_Work to complete:_ Once the line holding "k = gauss_vec" is found in the listing below, write it out and each later line exactly, up to and including the one holding "Write delta = sigma/2".

_Provided records:_
============

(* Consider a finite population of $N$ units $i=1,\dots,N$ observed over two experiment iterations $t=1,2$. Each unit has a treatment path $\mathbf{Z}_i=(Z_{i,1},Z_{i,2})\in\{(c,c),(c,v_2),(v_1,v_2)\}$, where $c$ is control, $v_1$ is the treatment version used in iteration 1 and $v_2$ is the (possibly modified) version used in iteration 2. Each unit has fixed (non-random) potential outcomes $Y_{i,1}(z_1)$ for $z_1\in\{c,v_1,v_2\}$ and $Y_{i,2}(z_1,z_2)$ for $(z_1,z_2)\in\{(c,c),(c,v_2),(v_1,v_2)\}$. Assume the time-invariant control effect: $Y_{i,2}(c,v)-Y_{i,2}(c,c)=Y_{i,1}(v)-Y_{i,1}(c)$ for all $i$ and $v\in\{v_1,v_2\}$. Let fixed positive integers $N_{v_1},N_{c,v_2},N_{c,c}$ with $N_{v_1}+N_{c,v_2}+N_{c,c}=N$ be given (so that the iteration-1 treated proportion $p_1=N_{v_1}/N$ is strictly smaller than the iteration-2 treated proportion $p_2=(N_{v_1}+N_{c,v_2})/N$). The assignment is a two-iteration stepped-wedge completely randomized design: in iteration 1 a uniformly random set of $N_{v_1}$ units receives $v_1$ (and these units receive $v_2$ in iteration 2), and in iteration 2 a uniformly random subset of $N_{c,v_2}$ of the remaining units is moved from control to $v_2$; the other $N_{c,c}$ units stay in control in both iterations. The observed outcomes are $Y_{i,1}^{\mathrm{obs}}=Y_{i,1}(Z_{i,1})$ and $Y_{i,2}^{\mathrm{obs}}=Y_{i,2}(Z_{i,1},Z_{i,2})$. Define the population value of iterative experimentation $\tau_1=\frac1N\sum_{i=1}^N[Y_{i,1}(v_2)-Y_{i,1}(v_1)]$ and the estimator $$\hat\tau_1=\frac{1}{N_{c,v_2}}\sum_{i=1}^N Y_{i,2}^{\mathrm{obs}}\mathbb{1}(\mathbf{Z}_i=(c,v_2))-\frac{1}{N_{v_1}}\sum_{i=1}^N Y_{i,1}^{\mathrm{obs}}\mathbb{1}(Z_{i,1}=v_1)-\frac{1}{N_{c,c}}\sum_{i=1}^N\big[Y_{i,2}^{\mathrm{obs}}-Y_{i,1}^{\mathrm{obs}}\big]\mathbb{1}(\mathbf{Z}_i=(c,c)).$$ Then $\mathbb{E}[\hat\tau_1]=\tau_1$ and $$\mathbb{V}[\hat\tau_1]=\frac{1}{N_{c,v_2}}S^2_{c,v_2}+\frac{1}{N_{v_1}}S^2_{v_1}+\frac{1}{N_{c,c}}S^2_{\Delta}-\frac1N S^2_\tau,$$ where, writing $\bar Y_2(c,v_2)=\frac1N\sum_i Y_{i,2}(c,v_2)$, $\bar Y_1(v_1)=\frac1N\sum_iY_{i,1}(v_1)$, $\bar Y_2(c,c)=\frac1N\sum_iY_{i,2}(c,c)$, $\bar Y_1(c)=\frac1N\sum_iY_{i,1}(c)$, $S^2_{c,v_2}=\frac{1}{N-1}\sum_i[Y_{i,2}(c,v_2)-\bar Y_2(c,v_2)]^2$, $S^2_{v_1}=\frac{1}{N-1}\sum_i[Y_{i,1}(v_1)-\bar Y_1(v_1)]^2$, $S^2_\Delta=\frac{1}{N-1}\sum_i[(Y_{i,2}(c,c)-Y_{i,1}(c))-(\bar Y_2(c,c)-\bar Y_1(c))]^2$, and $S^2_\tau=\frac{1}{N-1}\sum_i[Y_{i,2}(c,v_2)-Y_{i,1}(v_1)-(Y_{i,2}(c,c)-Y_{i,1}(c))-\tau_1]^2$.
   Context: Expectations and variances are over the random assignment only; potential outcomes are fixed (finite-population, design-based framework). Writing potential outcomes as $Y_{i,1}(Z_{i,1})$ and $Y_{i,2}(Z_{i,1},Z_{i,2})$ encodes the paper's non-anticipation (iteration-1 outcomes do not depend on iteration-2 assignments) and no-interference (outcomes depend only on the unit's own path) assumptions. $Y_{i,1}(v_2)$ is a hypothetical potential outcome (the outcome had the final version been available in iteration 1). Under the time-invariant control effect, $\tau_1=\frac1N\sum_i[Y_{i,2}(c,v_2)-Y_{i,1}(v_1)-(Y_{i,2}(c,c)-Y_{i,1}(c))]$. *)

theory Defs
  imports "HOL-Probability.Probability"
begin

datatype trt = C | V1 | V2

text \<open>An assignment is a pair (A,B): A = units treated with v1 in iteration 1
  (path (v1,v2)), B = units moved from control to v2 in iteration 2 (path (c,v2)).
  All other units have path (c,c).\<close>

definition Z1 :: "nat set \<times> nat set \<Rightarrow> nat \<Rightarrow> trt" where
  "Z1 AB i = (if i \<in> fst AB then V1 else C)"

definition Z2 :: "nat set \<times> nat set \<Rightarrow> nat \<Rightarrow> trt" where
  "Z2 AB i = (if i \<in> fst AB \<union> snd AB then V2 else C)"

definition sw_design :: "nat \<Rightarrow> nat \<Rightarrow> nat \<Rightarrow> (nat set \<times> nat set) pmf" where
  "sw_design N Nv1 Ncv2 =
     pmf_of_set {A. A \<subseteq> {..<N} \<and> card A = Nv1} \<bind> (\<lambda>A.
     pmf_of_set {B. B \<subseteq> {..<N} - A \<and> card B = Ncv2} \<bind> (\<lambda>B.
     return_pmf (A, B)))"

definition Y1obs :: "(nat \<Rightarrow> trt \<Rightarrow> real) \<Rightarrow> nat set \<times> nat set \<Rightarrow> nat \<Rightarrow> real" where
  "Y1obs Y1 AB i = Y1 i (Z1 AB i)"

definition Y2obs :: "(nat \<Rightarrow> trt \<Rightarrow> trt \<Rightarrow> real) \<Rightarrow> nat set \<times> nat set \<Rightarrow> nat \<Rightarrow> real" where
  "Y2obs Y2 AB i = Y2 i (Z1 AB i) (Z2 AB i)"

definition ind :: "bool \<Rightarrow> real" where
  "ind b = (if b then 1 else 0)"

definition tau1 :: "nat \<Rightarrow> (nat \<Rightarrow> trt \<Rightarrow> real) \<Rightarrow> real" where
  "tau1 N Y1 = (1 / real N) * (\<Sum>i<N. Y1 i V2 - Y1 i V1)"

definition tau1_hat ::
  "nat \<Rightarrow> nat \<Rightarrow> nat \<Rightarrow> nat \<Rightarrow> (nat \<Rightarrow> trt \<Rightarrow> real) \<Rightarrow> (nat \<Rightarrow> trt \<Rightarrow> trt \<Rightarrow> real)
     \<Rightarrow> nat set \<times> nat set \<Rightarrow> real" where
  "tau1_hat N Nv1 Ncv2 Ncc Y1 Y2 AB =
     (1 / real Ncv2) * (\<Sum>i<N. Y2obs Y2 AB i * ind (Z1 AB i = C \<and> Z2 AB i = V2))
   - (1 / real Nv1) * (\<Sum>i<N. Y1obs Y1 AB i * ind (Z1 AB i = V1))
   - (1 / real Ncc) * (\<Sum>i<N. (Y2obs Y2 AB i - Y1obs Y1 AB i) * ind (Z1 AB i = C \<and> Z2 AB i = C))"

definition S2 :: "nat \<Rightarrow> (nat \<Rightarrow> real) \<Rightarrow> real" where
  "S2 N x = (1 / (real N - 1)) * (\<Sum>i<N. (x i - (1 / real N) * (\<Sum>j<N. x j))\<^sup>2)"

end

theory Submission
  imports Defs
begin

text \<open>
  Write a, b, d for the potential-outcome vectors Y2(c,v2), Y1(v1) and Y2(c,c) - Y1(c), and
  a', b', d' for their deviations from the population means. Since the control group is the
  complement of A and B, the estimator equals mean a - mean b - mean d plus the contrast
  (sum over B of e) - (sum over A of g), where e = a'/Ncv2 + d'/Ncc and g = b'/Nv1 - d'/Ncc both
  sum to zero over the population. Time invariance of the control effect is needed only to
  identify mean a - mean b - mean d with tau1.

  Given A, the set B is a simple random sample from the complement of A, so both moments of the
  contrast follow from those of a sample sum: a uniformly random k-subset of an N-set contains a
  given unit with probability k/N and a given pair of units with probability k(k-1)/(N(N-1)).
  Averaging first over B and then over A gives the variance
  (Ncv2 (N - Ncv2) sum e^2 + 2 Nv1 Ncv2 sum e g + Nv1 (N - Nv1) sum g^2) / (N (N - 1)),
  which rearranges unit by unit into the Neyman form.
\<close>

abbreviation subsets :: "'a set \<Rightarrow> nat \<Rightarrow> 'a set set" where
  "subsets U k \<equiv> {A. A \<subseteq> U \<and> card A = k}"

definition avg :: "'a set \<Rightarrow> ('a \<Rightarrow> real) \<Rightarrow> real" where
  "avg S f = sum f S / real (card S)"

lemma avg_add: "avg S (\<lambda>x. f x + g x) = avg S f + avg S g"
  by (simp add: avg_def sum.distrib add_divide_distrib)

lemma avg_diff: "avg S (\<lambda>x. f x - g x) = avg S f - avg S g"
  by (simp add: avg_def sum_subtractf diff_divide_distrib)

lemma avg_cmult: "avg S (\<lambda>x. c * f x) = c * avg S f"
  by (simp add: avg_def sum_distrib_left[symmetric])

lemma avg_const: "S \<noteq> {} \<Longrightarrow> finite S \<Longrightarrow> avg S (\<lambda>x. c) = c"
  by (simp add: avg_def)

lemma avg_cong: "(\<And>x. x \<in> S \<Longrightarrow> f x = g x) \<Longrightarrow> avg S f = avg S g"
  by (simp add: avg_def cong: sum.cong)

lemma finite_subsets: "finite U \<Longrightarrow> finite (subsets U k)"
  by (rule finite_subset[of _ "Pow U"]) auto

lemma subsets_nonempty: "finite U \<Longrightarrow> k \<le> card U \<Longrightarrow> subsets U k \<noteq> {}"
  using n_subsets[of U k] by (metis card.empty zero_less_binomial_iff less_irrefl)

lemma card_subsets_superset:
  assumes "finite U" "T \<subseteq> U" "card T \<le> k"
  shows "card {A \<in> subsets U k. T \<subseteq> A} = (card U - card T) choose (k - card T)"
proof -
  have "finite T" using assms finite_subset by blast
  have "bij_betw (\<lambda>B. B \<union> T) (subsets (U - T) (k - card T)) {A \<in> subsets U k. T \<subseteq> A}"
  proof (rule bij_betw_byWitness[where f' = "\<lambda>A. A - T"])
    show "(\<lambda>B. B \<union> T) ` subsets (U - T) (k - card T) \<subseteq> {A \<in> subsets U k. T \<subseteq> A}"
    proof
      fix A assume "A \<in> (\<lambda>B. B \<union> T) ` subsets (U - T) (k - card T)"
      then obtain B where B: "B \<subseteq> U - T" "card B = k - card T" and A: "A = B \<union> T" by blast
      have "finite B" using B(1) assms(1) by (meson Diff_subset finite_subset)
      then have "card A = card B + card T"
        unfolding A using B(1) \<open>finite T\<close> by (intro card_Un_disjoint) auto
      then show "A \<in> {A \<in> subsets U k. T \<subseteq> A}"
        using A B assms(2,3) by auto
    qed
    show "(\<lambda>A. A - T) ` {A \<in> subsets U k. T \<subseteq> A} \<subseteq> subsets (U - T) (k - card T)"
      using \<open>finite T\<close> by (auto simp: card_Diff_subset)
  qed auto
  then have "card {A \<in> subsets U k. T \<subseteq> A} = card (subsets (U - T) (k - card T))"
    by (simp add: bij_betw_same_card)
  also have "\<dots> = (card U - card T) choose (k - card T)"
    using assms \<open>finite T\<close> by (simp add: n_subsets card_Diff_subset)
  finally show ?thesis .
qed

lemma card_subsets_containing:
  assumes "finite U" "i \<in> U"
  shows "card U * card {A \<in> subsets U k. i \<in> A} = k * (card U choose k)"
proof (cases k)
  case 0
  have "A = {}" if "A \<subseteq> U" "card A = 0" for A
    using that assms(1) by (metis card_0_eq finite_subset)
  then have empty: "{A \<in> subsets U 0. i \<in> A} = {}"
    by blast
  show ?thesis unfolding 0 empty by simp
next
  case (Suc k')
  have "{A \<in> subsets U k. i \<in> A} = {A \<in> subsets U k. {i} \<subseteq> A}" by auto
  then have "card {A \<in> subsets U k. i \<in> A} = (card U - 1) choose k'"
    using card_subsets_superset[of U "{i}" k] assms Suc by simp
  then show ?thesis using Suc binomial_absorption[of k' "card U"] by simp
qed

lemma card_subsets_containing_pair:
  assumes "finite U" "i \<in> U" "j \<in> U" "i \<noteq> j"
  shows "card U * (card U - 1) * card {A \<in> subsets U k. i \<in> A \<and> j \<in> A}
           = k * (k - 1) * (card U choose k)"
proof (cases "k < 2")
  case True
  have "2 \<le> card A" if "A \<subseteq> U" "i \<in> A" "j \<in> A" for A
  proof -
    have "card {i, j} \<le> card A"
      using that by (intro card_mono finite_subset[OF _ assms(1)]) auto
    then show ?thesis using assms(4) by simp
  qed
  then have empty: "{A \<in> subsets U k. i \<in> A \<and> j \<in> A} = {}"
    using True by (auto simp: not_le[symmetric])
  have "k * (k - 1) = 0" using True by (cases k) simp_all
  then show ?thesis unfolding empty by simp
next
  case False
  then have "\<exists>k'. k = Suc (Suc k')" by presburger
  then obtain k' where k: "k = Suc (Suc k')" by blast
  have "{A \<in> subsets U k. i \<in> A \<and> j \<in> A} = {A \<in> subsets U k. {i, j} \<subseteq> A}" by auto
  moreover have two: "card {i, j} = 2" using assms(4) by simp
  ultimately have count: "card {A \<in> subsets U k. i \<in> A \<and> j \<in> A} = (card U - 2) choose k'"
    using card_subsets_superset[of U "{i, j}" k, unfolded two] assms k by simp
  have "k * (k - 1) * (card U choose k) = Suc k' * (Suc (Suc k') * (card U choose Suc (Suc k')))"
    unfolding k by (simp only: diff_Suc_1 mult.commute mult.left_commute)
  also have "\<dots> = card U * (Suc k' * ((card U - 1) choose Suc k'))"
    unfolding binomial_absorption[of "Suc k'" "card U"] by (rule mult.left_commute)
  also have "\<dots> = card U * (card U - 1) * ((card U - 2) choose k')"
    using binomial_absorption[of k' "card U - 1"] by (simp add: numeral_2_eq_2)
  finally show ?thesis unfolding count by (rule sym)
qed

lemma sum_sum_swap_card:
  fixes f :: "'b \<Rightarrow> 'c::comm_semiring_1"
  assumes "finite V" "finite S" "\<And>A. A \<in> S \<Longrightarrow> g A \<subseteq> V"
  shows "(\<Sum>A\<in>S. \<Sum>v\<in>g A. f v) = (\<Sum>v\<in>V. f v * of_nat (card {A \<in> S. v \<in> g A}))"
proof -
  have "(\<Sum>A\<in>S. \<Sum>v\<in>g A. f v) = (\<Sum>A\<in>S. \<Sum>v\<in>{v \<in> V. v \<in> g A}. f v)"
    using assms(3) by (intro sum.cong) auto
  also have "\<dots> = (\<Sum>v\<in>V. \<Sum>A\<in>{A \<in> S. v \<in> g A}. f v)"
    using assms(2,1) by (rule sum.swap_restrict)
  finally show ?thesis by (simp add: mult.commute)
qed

============

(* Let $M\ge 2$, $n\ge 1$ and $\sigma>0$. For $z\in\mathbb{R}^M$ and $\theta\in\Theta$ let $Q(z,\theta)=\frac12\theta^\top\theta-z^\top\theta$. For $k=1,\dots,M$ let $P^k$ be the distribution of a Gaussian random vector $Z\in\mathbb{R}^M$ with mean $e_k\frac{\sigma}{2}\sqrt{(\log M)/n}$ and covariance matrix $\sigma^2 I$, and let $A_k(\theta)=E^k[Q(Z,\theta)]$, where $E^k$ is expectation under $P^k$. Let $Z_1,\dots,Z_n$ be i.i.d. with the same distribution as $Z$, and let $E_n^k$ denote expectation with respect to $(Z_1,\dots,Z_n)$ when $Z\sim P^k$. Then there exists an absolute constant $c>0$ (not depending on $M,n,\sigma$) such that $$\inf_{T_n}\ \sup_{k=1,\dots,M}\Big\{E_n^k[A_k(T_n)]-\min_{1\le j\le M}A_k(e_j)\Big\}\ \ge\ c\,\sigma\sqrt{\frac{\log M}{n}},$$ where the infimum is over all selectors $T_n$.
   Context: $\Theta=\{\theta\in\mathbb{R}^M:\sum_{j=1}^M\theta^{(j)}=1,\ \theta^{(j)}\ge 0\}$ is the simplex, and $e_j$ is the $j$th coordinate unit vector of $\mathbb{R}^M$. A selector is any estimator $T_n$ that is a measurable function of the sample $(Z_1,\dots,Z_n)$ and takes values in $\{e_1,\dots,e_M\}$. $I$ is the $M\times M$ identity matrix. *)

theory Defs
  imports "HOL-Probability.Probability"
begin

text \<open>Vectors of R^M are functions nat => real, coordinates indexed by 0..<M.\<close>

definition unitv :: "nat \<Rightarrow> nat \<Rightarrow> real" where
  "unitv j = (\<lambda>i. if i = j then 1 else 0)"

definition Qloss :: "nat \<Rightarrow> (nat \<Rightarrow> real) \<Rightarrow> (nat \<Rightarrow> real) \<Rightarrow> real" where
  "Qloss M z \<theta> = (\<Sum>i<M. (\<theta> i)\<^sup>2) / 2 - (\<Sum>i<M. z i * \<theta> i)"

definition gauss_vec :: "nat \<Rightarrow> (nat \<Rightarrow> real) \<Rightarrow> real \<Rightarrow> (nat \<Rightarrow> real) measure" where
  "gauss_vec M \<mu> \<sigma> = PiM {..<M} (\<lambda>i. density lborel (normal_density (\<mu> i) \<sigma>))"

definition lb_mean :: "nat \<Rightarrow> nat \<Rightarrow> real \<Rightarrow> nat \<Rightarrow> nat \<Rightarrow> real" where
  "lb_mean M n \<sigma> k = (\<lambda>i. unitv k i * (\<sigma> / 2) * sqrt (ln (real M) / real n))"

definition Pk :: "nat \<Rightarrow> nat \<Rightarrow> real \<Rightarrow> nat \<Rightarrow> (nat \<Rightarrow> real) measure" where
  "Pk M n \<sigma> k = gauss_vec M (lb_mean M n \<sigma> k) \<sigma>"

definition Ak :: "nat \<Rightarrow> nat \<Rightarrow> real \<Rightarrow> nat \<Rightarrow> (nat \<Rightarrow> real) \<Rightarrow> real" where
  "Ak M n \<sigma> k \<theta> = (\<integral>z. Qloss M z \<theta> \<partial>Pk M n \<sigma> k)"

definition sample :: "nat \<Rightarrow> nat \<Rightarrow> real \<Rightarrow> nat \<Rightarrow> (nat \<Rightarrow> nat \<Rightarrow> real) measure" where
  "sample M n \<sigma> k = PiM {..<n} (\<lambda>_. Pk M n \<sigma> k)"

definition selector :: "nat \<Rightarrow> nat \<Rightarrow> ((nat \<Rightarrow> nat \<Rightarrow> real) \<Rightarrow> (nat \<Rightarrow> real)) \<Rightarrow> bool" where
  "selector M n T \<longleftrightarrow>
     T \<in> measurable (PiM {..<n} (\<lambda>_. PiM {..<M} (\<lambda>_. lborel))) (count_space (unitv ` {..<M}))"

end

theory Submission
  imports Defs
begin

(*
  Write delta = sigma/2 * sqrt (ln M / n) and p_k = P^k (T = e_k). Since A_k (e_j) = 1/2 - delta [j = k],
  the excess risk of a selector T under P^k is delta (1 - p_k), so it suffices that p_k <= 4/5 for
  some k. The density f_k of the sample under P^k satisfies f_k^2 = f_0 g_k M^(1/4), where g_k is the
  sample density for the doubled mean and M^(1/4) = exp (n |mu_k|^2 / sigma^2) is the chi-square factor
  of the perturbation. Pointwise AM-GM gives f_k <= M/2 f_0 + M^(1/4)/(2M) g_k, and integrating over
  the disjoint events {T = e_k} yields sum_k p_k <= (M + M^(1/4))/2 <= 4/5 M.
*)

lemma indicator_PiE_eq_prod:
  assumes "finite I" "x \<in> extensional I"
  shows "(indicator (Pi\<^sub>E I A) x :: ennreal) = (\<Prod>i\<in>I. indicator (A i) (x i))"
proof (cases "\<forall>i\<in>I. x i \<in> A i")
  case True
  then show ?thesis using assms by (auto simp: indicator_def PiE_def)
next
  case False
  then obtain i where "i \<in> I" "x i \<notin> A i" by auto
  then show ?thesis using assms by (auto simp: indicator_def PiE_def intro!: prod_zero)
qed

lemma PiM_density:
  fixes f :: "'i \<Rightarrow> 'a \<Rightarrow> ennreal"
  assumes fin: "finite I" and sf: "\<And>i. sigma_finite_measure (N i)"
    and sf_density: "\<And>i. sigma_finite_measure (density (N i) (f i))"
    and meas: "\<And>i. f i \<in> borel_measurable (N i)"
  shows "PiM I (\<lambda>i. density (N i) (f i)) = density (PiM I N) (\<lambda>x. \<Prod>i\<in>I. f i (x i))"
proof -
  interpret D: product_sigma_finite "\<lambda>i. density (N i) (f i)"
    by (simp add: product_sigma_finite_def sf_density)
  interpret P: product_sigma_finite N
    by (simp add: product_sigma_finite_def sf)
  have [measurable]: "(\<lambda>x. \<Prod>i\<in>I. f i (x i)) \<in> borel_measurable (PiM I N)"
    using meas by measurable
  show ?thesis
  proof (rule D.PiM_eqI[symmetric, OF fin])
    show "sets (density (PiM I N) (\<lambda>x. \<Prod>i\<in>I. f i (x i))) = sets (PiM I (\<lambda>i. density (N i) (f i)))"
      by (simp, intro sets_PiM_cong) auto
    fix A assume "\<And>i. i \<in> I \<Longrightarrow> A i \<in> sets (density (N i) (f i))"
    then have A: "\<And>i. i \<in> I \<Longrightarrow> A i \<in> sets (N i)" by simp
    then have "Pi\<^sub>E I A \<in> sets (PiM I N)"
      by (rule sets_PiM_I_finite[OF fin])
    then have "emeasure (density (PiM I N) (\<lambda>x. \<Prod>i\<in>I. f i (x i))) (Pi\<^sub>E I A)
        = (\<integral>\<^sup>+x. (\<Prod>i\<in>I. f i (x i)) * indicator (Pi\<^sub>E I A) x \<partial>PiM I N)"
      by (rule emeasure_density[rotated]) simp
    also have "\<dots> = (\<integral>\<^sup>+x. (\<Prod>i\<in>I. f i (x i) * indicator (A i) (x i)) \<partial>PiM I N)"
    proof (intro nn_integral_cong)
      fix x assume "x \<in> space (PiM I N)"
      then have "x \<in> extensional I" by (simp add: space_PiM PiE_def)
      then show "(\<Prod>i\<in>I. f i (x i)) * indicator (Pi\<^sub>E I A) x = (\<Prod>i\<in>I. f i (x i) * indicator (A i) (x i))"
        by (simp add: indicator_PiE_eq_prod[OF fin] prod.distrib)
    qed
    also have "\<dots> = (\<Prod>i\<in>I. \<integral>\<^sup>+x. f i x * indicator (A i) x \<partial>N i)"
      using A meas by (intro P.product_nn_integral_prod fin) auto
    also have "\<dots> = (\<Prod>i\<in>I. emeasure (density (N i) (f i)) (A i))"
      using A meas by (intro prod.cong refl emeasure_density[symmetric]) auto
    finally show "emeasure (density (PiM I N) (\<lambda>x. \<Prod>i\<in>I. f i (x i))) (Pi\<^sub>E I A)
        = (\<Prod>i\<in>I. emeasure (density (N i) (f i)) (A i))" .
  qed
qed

============

_Exercise response:_
  "Pk M n \<sigma> k = gauss_vec M (lb_mean M n \<sigma> k) \<sigma>"

definition Ak :: "nat \<Rightarrow> nat \<Rightarrow> real \<Rightarrow> nat \<Rightarrow> (nat \<Rightarrow> real) \<Rightarrow> real" where
  "Ak M n \<sigma> k \<theta> = (\<integral>z. Qloss M z \<theta> \<partial>Pk M n \<sigma> k)"

definition sample :: "nat \<Rightarrow> nat \<Rightarrow> real \<Rightarrow> nat \<Rightarrow> (nat \<Rightarrow> nat \<Rightarrow> real) measure" where
  "sample M n \<sigma> k = PiM {..<n} (\<lambda>_. Pk M n \<sigma> k)"

definition selector :: "nat \<Rightarrow> nat \<Rightarrow> ((nat \<Rightarrow> nat \<Rightarrow> real) \<Rightarrow> (nat \<Rightarrow> real)) \<Rightarrow> bool" where
  "selector M n T \<longleftrightarrow>
     T \<in> measurable (PiM {..<n} (\<lambda>_. PiM {..<M} (\<lambda>_. lborel))) (count_space (unitv ` {..<M}))"

end

theory Submission
  imports Defs
begin

(*
  Write delta = sigma/2 * sqrt (ln M / n) and p_k = P^k (T = e_k). Since A_k (e_j) = 1/2 - delta [j = k],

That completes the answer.